雨に濡れた紫陽花の彩りなど梅雨には梅雨ならではの趣もあるが、スッキリ晴れた日が少ないと朝の寝起きの爽快感や日中の思考力・行動力も心なしか減るようだ。何をするにしても「気」、気分や心持ちは大切だ。

心のアンチエイジング

「アンチエイジング」という言葉には人によってその解釈やイメージにかなりばらつきがある。「抗加齢」や「抗老化」を意味する語であることを踏まえると、加齢による「何の変化」を、あるいは「何の」老化を、念頭に置くかによって抗(あらが)う対象や手段も変わる。解釈やイメージにばらつきが出るのも当然といえば当然のことかもしれない。

人の1日の活動や行動という視点からアンチエイジングを考えた場合の主な要素は「食事」「運動」「睡眠」の3つ。そしてこれらの活動を行う上での思考など脳の活動、つまり「心」や「精神」と、これらの活動を行う場を構成する「環境」は個々の活動の基盤として重要だ。
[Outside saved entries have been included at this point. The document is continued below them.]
lemma prod_unity_roots:
  assumes "n > 0"
  shows "(\<Prod>k\<in>{1..n}. [:- unity_root n k, 1:]) = monom 1 n - 1"
proof -
  let ?p = "monom (1::complex) n - 1"
  have "coeff ?p n = 1"
    using assms by simp
  moreover have "degree ?p = n"
  proof (rule antisym)
    show "degree ?p \<le> n"
      using degree_diff_le_max[of "monom (1::complex) n" 1] by (simp add: degree_monom_eq)
    show "n \<le> degree ?p"
      using \<open>coeff ?p n = 1\<close> by (intro le_degree) simp
  qed
  ultimately have "lead_coeff ?p = 1"
    by simp
  then have "?p = (\<Prod>z\<in>{z. z ^ n = 1}. [:-z, 1:])"
    using complex_poly_decompose_rsquarefree[OF rsquarefree_monom_minus_one[OF assms]]
    by (simp add: poly_monom)
  also have "\<dots> = (\<Prod>k\<in>{1..n}. [:- unity_root n k, 1:])"
    by (rule prod.reindex_bij_betw[OF bij_betw_unity_root[OF assms], symmetric])
  finally show ?thesis ..
qed

lemma unity_root_mult_quotient:
  assumes "d dvd n" and "n > 0"
  shows "unity_root n (k * (n div d)) = unity_root d k"
proof -
  have "(of_nat n :: complex) = of_nat d * of_nat (n div d)"
    using assms(1) by (metis dvd_mult_div_cancel of_nat_mult)
  moreover have "(of_nat (n div d) :: complex) \<noteq> 0"
    using assms by (auto elim: dvdE)
  ultimately show ?thesis
    unfolding unity_root_def by (simp add: field_simps)
qed

lemma gcd_mult_quotient:
  fixes n d k :: nat
  assumes "d dvd n" and "coprime k d"
  shows "gcd (k * (n div d)) n = n div d"
proof -
  have "gcd (k * (n div d)) n = gcd (k * (n div d)) (d * (n div d))"
    using assms(1) by simp
  also have "\<dots> = gcd k d * (n div d)"
    by (simp add: gcd_mult_right gcd.commute[of d k])
  finally show ?thesis
    using assms(2) by simp
qed

text \<open>Writing \<open>b/n\<close> in lowest terms as \<open>k/d\<close> sorts the \<open>n\<close>-th roots of unity by their exact order \<open>d\<close>.\<close>
lemma bij_betw_reduced_fractions:
  fixes n :: nat
  assumes "n > 0"
  shows "bij_betw (\<lambda>(d, k). k * (n div d))
           (SIGMA d:{d. d dvd n}. {k\<in>{1..d}. coprime k d}) {1..n}"
proof (rule bij_betw_byWitness[where f' = "\<lambda>b. (n div gcd b n, b div gcd b n)"])
  show "\<forall>a\<in>SIGMA d:{d. d dvd n}. {k\<in>{1..d}. coprime k d}.
          (\<lambda>b. (n div gcd b n, b div gcd b n)) ((\<lambda>(d, k). k * (n div d)) a) = a"
  proof
    fix a assume "a \<in> (SIGMA d:{d. d dvd n}. {k\<in>{1..d}. coprime k d})"
    then obtain d k where a: "a = (d, k)" and d: "d dvd n" and cop: "coprime k d"
      by blast
    have "n div d > 0" and "n div (n div d) = d"
      using d assms by (auto elim!: dvdE)
    then show "(\<lambda>b. (n div gcd b n, b div gcd b n)) ((\<lambda>(d, k). k * (n div d)) a) = a"
      using gcd_mult_quotient[OF d cop] a by simp
  qed
  show "\<forall>b\<in>{1..n}. (\<lambda>(d, k). k * (n div d)) (n div gcd b n, b div gcd b n) = b"
  proof
    fix b assume "b \<in> {1..n}"
    define g where "g = gcd b n"
    have "g dvd b" "g dvd n" "g > 0"
      using assms by (simp_all add: g_def)
    then have "n div (n div g) = g"
      by (metis dvd_div_mult_self dvd_div_eq_0_iff dvd_mult_div_cancel gr_implies_not0 assms
          nonzero_mult_div_cancel_right)
    then show "(\<lambda>(d, k). k * (n div d)) (n div gcd b n, b div gcd b n) = b"
      using \<open>g dvd b\<close> by (simp add: g_def[symmetric])
  qed
  show "(\<lambda>(d, k). k * (n div d)) ` (SIGMA d:{d. d dvd n}. {k\<in>{1..d}. coprime k d}) \<subseteq> {1..n}"
  proof safe
    fix d k assume "d dvd n" "k \<in> {1..d}"
    moreover from this have "k * (n div d) \<le> d * (n div d)" and "n div d > 0"
      using assms by (auto elim!: dvdE)
    ultimately show "k * (n div d) \<in> {1..n}"
      by (auto simp: Suc_le_eq)
  qed
  show "(\<lambda>b. (n div gcd b n, b div gcd b n)) ` {1..n} \<subseteq> (SIGMA d:{d. d dvd n}. {k\<in>{1..d}. coprime k d})"
  proof safe
    fix b assume b: "b \<in> {1..n}"
    have "gcd b n dvd b" "gcd b n > 0"
      using assms by simp_all
    with b show "b div gcd b n \<in> {1..n div gcd b n}"
      by (auto simp: div_le_mono div_greater_zero_iff Suc_le_eq intro: dvd_imp_le)
    show "coprime (b div gcd b n) (n div gcd b n)"
      using assms by (intro div_gcd_coprime) simp
  qed (metis dvd_div_mult_self dvd_triv_left gcd_dvd2)
qed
その環境も含め、食事、運動、睡眠それぞれが「心身」の心と身の両方に深く関わり相互に作用する。

睡眠も含めた脳の活動全般を食事や運動と並ぶ3要素の一つとする考え方もあるが、僕自身は睡眠を食事や運動と同列の活動とした上で、精神・心は環境と同様、すべての活動の基盤としてとらえる方がしっくりくる。

たとえば、料理や空腹状態が同じであったとしても、それを自宅の食卓で一人で食べる場合と家族や友人たちと食べる場合ではまったく違うものになる。その時の心理・精神状態が食物の消化・吸収にも影響を与えるため、食事の「効果」は多少なりとも左右される。食事をする時の環境が心や精神に影響を与えることもある。運動や睡眠の場合も然り。心の老化や心のアンチエイジングは身(体)のアンチエイジングの効果を左右するものとして、今後、これまで以上に深く幅広く研究や実践が追求されるようになるだろう。

「プルチックの感情の輪」

「プルチックの感情の輪」(Plutchik's Wheel of Emotions)と呼ばれる図をご存じだろうか。40年ほど前にアメリカの心理学者、ロバート・プルチック博士が考案した、人間のさまざまな感情を整理した図だ。形状や色調には多少のバリエーションがあるが、喜びと悲しみ、信頼と嫌悪、恐れと怒り、驚きと期待という4対8種を基本的な感情とした上で、その種類や程度に応じて異なる色彩・色調を割り当て、それらの相関・混合も交えて図解したものだ。心の老化には感情の劣化以外にもさまざまな現象や症状があるが、日々の出来事を思い浮かべながらこの図に記載された言葉を眺めると感情や記憶のエクササイズになる。

ちなみにこの梅雨の間、僕にとって一番の「心のアンチエイジング」は読書。それに次ぐのは映画鑑賞、あるいは音楽鑑賞だろうか。